Хуже стало, когда кончилась соль. Грибы с солью хороши, ели их с удовольствием, но без соли есть было невозможно. Мишку не смущало и это, он с аппетитом уплетал и несоленые.

Андреев увидел у партизана «Обломова» без корочек, без начала и конца. Партизан не хотел отдавать: мол, не останется на закрутку ни клока бумаги. Предлагал по-братски поделить книгу пополам: одну половину себе, а другую Григорию. Не верил, что Андрееву она нужна не для курева. Думал, гвардеец хочет провести его вокруг пальца — вишь, хитрый нашелся, бывалого партизана норовит обмануть! Спор решил ломоть сухаря и кусок сала. Чтоб не пререкаться с прижимистым партизаном, Григорий отдал ему дневную пайку.
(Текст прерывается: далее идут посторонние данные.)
definition row_supported :: "real mat \<Rightarrow> nat set \<Rightarrow> nat \<Rightarrow> bool" where
  "row_supported L S i \<longleftrightarrow> (\<forall>j\<in>{1..8}. j \<notin> S \<longrightarrow> lam L i j = 0)"

lemma filtration_mono: "k \<le> l \<Longrightarrow> filtration k \<subseteq> filtration l"
  unfolding filtration_def by auto

lemma row_supported_mono: "row_supported L S i \<Longrightarrow> S \<subseteq> T \<Longrightarrow> row_supported L T i"
  unfolding row_supported_def by blast

lemma dv_weight_lt:
  assumes nz: "dv \<alpha> \<beta> i K \<noteq> 0" and "a \<in> K"
  shows "weight a < weight i"
proof -
  have "i \<in> {4,5,6,7,8}"
    using nz by (rule contrapos_np) (simp add: dv_def)
  then have "i = 4 \<and> K = {1,3} \<or> i = 5 \<and> K = {2,3}
      \<or> i = 6 \<and> K \<in> {{1,4}, {2,5}, {3,5}}
      \<or> i = 7 \<and> K \<in> {{1,2}, {1,5}, {2,4}, {3,4}}
      \<or> i = 8 \<and> K \<in> {{1,6}, {2,5}, {2,7}, {3,5}, {4,5}}"
    using nz by (elim insertE emptyE) (simp_all add: dv_def basis_def split: if_splits)
  then show ?thesis
    using \<open>a \<in> K\<close> by (elim disjE conjE insertE emptyE) (auto simp: weight_def)
qed

lemma Fv_nonzero_singleton:
  assumes "Fv L i I \<noteq> 0"
  obtains j where "j \<in> {1..8}" "I = {j}" "Fv L i I = lam L i j"
  using assms unfolding Fv_def by (auto split: if_splits)

lemma wedge_Fv_basis_eq_zero:
  assumes "row_supported L S i"
  shows "wedge (Fv L i) (basis S) = zero_form"
proof
  fix K
  have "shuffle_sign I (K - I) * Fv L i I * basis S (K - I) = 0" for I
  proof (cases "Fv L i I = 0")
    case False
    then obtain j where j: "j \<in> {1..8}" "I = {j}" "Fv L i I = lam L i j"
      by (rule Fv_nonzero_singleton)
    show ?thesis
    proof (cases "K - I = S")
      case True
      then have "j \<notin> S" using j by auto
      then show ?thesis using assms j by (simp add: row_supported_def)
    qed (simp add: basis_def)
  qed simp
  then show "wedge (Fv L i) (basis S) K = zero_form K"
    unfolding wedge_def zero_form_def by (intro sum.neutral ballI)
qed

lemma wedge_Fv_Fv_eq_zero_outside:
  assumes "row_supported L S a" "row_supported L S b" and "\<not> K \<subseteq> S"
  shows "wedge (Fv L a) (Fv L b) K = 0"
  unfolding wedge_def
proof (rule sum.neutral, rule ballI)
  fix I assume I: "I \<in> Pow K"
  show "shuffle_sign I (K - I) * Fv L a I * Fv L b (K - I) = 0"
  proof (rule ccontr)
    assume "\<not> ?thesis"
    then have na: "Fv L a I \<noteq> 0" and nb: "Fv L b (K - I) \<noteq> 0" by auto
    obtain j where j: "j \<in> {1..8}" "I = {j}" "Fv L a I = lam L a j"
      using na by (rule Fv_nonzero_singleton)
    obtain k where k: "k \<in> {1..8}" "K - I = {k}" "Fv L b (K - I) = lam L b k"
      using nb by (rule Fv_nonzero_singleton)
    have "j \<in> S"
    proof (rule ccontr)
      assume "j \<notin> S"
      then have "lam L a j = 0" using assms(1) j(1) by (simp add: row_supported_def)
      then show False using na j(3) by simp
    qed
    moreover have "k \<in> S"
    proof (rule ccontr)
      assume "k \<notin> S"
      then have "lam L b k = 0" using assms(2) k(1) by (simp add: row_supported_def)
      then show False using nb k(3) by simp
    qed
    moreover have "K \<subseteq> {j, k}" using j(2) k(2) by blast
    ultimately show False using assms(3) by blast
  qed
qed

lemma F2_eq_zero_outside:
  assumes "\<And>a b. a \<in> {1..8} \<Longrightarrow> b \<in> {1..8} \<Longrightarrow> e {a, b} \<noteq> 0 \<Longrightarrow>
      row_supported L S a \<and> row_supported L S b"
    and "\<not> K \<subseteq> S"
  shows "F2 L e K = 0"
proof -
  have "e {a, b} * wedge (Fv L a) (Fv L b) K = 0" if "a \<in> {1..8}" "b \<in> {a<..8}" for a b
  proof (cases "e {a, b} = 0")
    case False
    moreover have "b \<in> {1..8}" using that by auto
    ultimately have "row_supported L S a" "row_supported L S b" using assms(1) that(1) by blast+
    then show ?thesis using assms(2) by (simp add: wedge_Fv_Fv_eq_zero_outside)
  qed simp
  then show ?thesis unfolding F2_def by (simp add: sum.neutral)
qed

lemma d1_Fv_coefficients:
  shows "d1 \<alpha> \<beta> (Fv L i) {1,3} = lam L i 4" and "d1 \<alpha> \<beta> (Fv L i) {2,3} = lam L i 5"
    and "d1 \<alpha> \<beta> (Fv L i) {1,4} = lam L i 6" and "d1 \<alpha> \<beta> (Fv L i) {1,5} = lam L i 7"
    and "d1 \<alpha> \<beta> (Fv L i) {1,6} = lam L i 8"
proof -
  have range: "{1..8::nat} = {1,2,3,4,5,6,7,8}" by auto
  show "d1 \<alpha> \<beta> (Fv L i) {1,3} = lam L i 4" "d1 \<alpha> \<beta> (Fv L i) {2,3} = lam L i 5"
    "d1 \<alpha> \<beta> (Fv L i) {1,4} = lam L i 6" "d1 \<alpha> \<beta> (Fv L i) {1,5} = lam L i 7"
    "d1 \<alpha> \<beta> (Fv L i) {1,6} = lam L i 8"
    unfolding d1_def range
    by (simp_all add: Fv_def) (simp_all add: dv_def basis_def doubleton_eq_iff)
qed

lemma row_supported_of_d1_vanishing:
  assumes "\<And>K. \<not> K \<subseteq> filtration k \<Longrightarrow> d1 \<alpha> \<beta> (Fv L i) K = 0"
  shows "row_supported L (filtration (Suc k)) i"
  unfolding row_supported_def
proof (intro ballI impI)
  fix j :: nat assume "j \<in> {1..8}" "j \<notin> filtration (Suc k)"
  then have j: "j \<in> {4,5,6,7,8}" and k: "k < weight j - 1"
    by (auto simp: filtration_def weight_def split: if_splits)
  obtain K p where K: "d1 \<alpha> \<beta> (Fv L i) K = lam L i j"
    and p: "p \<in> K" "p \<in> {1..8}" "weight p = weight j - 1"
  proof -
    note coeff = d1_Fv_coefficients[of \<alpha> \<beta> L i]
    from j consider "j = 4" | "j = 5" | "j = 6" | "j = 7" | "j = 8" by blast
    then show thesis
    proof cases
      case 1 show thesis using that[of "{1,3}" 3] coeff(1) by (simp add: 1 weight_def)
    next
      case 2 show thesis using that[of "{2,3}" 3] coeff(2) by (simp add: 2 weight_def)
    next
      case 3 show thesis using that[of "{1,4}" 4] coeff(3) by (simp add: 3 weight_def)
    next
      case 4 show thesis using that[of "{1,5}" 5] coeff(4) by (simp add: 4 weight_def)
    next
      case 5 show thesis using that[of "{1,6}" 6] coeff(5) by (simp add: 5 weight_def)
    qed
  qed
  have "p \<notin> filtration k" using p k by (simp add: filtration_def)
  then have "\<not> K \<subseteq> filtration k" using p by blast
  then show "lam L i j = 0" using assms K by simp
qed

lemma row_supported_weight:
  assumes hom: "\<forall>i\<in>{1..8}. F2 \<Lambda> (dv \<alpha>' \<beta>' i) = d1 \<alpha> \<beta> (Fv \<Lambda> i)"
    and "i \<in> {1..8}"
  shows "row_supported \<Lambda> (filtration (weight i)) i"
  using assms(2)
proof (induction "weight i" arbitrary: i rule: less_induct)
  case less
  define k where "k = weight i - 1"
  have wi: "weight i = Suc k" unfolding k_def weight_def by simp
  have lower: "row_supported \<Lambda> (filtration k) a"
    if "a \<in> {1..8}" "weight a < weight i" for a
  proof (rule row_supported_mono)
    show "row_supported \<Lambda> (filtration (weight a)) a" using less.hyps[OF that(2,1)] .
    show "filtration (weight a) \<subseteq> filtration k" using that(2) wi by (simp add: filtration_mono)
  qed
  have pairs: "row_supported \<Lambda> (filtration k) a \<and> row_supported \<Lambda> (filtration k) b"
    if "a \<in> {1..8}" "b \<in> {1..8}" "dv \<alpha>' \<beta>' i {a, b} \<noteq> 0" for a b
    using lower that(1,2) dv_weight_lt[OF that(3)] by simp
  have "d1 \<alpha> \<beta> (Fv \<Lambda> i) K = 0" if "\<not> K \<subseteq> filtration k" for K
  proof -
    have "F2 \<Lambda> (dv \<alpha>' \<beta>' i) K = 0" using pairs that by (rule F2_eq_zero_outside)
    then show ?thesis using hom less.prems by simp
  qed
  then show ?case
    unfolding wi by (rule row_supported_of_d1_vanishing)
qed

lemma lam_eq_zero_of_weight_lt:
  assumes "\<forall>i\<in>{1..8}. F2 \<Lambda> (dv \<alpha>' \<beta>' i) = d1 \<alpha> \<beta> (Fv \<Lambda> i)"
    and "i \<in> {1..8}" "j \<in> {1..8}" "weight i < weight j"
  shows "lam \<Lambda> i j = 0"
proof -
  have "j \<notin> filtration (weight i)" using assms(4) by (simp add: filtration_def)
  then show ?thesis
    using row_supported_weight[OF assms(1,2)] assms(3) by (simp add: row_supported_def)
qed

definition trailing_mat :: "'a mat \<Rightarrow> nat \<Rightarrow> 'a mat" where
  "trailing_mat A n = mat (dim_row A - n) (dim_row A - n) (\<lambda>(i, j). A $$ (i + n, j + n))"

lemma det_block_upper_right_zero:
  fixes A :: "'a :: idom mat"
  assumes A: "A \<in> carrier_mat (n + m) (n + m)"
    and zero: "\<And>i j. i < n \<Longrightarrow> n \<le> j \<Longrightarrow> j < n + m \<Longrightarrow> A $$ (i, j) = 0"
  shows "det A = det (mat n n (\<lambda>(i, j). A $$ (i, j))) * det (mat m m (\<lambda>(i, j). A $$ (i + n, j + n)))"
proof -
  obtain A1 A2 A3 A4 where sb: "split_block A n n = (A1, A2, A3, A4)" by (metis prod_cases4)
  have dims: "dim_row A = n + m" "dim_col A = n + m" using A by auto
  note S = split_block[OF sb dims]
  have A1: "A1 = mat n n (\<lambda>(i, j). A $$ (i, j))"
    and A2: "A2 = mat n m (\<lambda>(i, j). A $$ (i, j + n))"
    and A4: "A4 = mat m m (\<lambda>(i, j). A $$ (i + n, j + n))"
    using sb dims unfolding split_block_def Let_def by (auto simp: case_prod_unfold)
  have "A2 = 0\<^sub>m n m"
    unfolding A2 by (rule eq_matI) (auto simp: zero)
  then have "det (four_block_mat A1 A2 A3 A4) = det A1 * det A4"
    by (rule det_four_block_mat_upper_right_zero[OF S(1) _ S(3) S(4)])
  then show ?thesis unfolding S(5)[symmetric] by (simp only: A1 A4)
qed

text \<open>Matrix indices are 0-based while blk is 1-based, hence the shift n + 1.\<close>

lemma det_trailing_mat_split:
  fixes A :: "real mat"
  assumes A: "A \<in> carrier_mat N N" and "n + m \<le> N"
    and zero: "\<And>i j. n \<le> i \<Longrightarrow> i < n + m \<Longrightarrow> n + m \<le> j \<Longrightarrow> j < N \<Longrightarrow> A $$ (i, j) = 0"
  shows "det (trailing_mat A n) = det (blk A (n + 1) (n + m)) * det (trailing_mat A (n + m))"
proof -
  have T: "trailing_mat A n \<in> carrier_mat (m + (N - n - m)) (m + (N - n - m))"
    using A assms(2) by (simp add: trailing_mat_def)
  have "det (trailing_mat A n)
      = det (mat m m (\<lambda>(i, j). trailing_mat A n $$ (i, j)))
        * det (mat (N - n - m) (N - n - m) (\<lambda>(i, j). trailing_mat A n $$ (i + m, j + m)))"
    using A assms(2) zero
    by (intro det_block_upper_right_zero[OF T]) (simp add: trailing_mat_def)
  also have "mat m m (\<lambda>(i, j). trailing_mat A n $$ (i, j)) = blk A (n + 1) (n + m)"
    using A assms(2) by (intro eq_matI) (auto simp: trailing_mat_def blk_def lam_def add.commute)
  also have "mat (N - n - m) (N - n - m) (\<lambda>(i, j). trailing_mat A n $$ (i + m, j + m))
      = trailing_mat A (n + m)"
    using A by (intro eq_matI) (auto simp: trailing_mat_def add.assoc add.commute[of m n])
  finally show ?thesis .
qed

lemma det_weight_block_triangular:
  assumes L: "\<Lambda> \<in> carrier_mat 8 8"
    and tri: "\<And>i j. i \<in> {1..8} \<Longrightarrow> j \<in> {1..8} \<Longrightarrow> weight i < weight j \<Longrightarrow> lam \<Lambda> i j = 0"
  shows "det (blk \<Lambda> 1 3) * det (blk \<Lambda> 4 5) * det (blk \<Lambda> 6 7) * lam \<Lambda> 8 8 = det \<Lambda>"
proof -
  have zero: "\<Lambda> $$ (i, j) = 0" if "j < 8" "weight (Suc i) < weight (Suc j)" for i j
    using tri[of "Suc i" "Suc j"] that by (auto simp: lam_def weight_def split: if_splits)
  have split: "det (trailing_mat \<Lambda> n) = det (blk \<Lambda> (n + 1) (n + m)) * det (trailing_mat \<Lambda> (n + m))"
    if "n + m \<le> 8"
      and "\<And>i j. n \<le> i \<Longrightarrow> i < n + m \<Longrightarrow> n + m \<le> j \<Longrightarrow> j < 8 \<Longrightarrow> weight (Suc i) < weight (Suc j)"
    for n m
    using that by (intro det_trailing_mat_split[OF L] zero) auto
  have "trailing_mat \<Lambda> 0 = \<Lambda>"
    using L by (intro eq_matI) (auto simp: trailing_mat_def)
  then have "det \<Lambda> = det (trailing_mat \<Lambda> 0)" by simp
  also have "\<dots> = det (blk \<Lambda> 1 3) * det (trailing_mat \<Lambda> 3)"
    by (subst split[of 0 3]) (auto simp: weight_def)
  also have "det (trailing_mat \<Lambda> 3) = det (blk \<Lambda> 4 5) * det (trailing_mat \<Lambda> 5)"
    by (subst split[of 3 2]) (auto simp: weight_def)
  also have "det (trailing_mat \<Lambda> 5) = det (blk \<Lambda> 6 7) * det (trailing_mat \<Lambda> 7)"
    by (subst split[of 5 2]) (auto simp: weight_def)
  also have "det (trailing_mat \<Lambda> 7) = lam \<Lambda> 8 8"
    using L by (simp add: trailing_mat_def det_single lam_def)
  finally show ?thesis by (simp add: mult.assoc)
qed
Теперь в свободное время Андреев читал то, что осталось от «Обломова». Совершенно неожиданно нашелся постоянный и заинтересованный слушатель — усач Алексей Васильевич Рягузов. За свою охотничью бродяжью жизнь Алексей Васильевич едва ли одолел хоть одну серьезную книгу — и некогда было, и недосуг, и грамотешки маловато. Но дремала в нем чуткая отзывчивая душа, Рягузов проявил большой интерес к судьбе Обломова.

— Послухаем, что пишут умные люди в умных книжках, — сказал он Григорию. Незаметно к чтецу присоединились другие, охочие до умного слова партизаны, и Григорию пришлось для читки назначить специальное время, чтоб не мешать распорядку, установленному в лагере.

Качанова, как магнит, тянула штабная палатка. Находил любой предлог, чтоб там побывать. Дело облегчили утренние моционы за сводкой. Если же предлога не находилось, то шел просто так, без всякого предлога — благо сержант на это смотрел сквозь пальцы, а Васенев посвящал Ваню Маркова и его друзей в подрывную науку, и Мишка с Ишакиным находились полностью на попечении сержанта.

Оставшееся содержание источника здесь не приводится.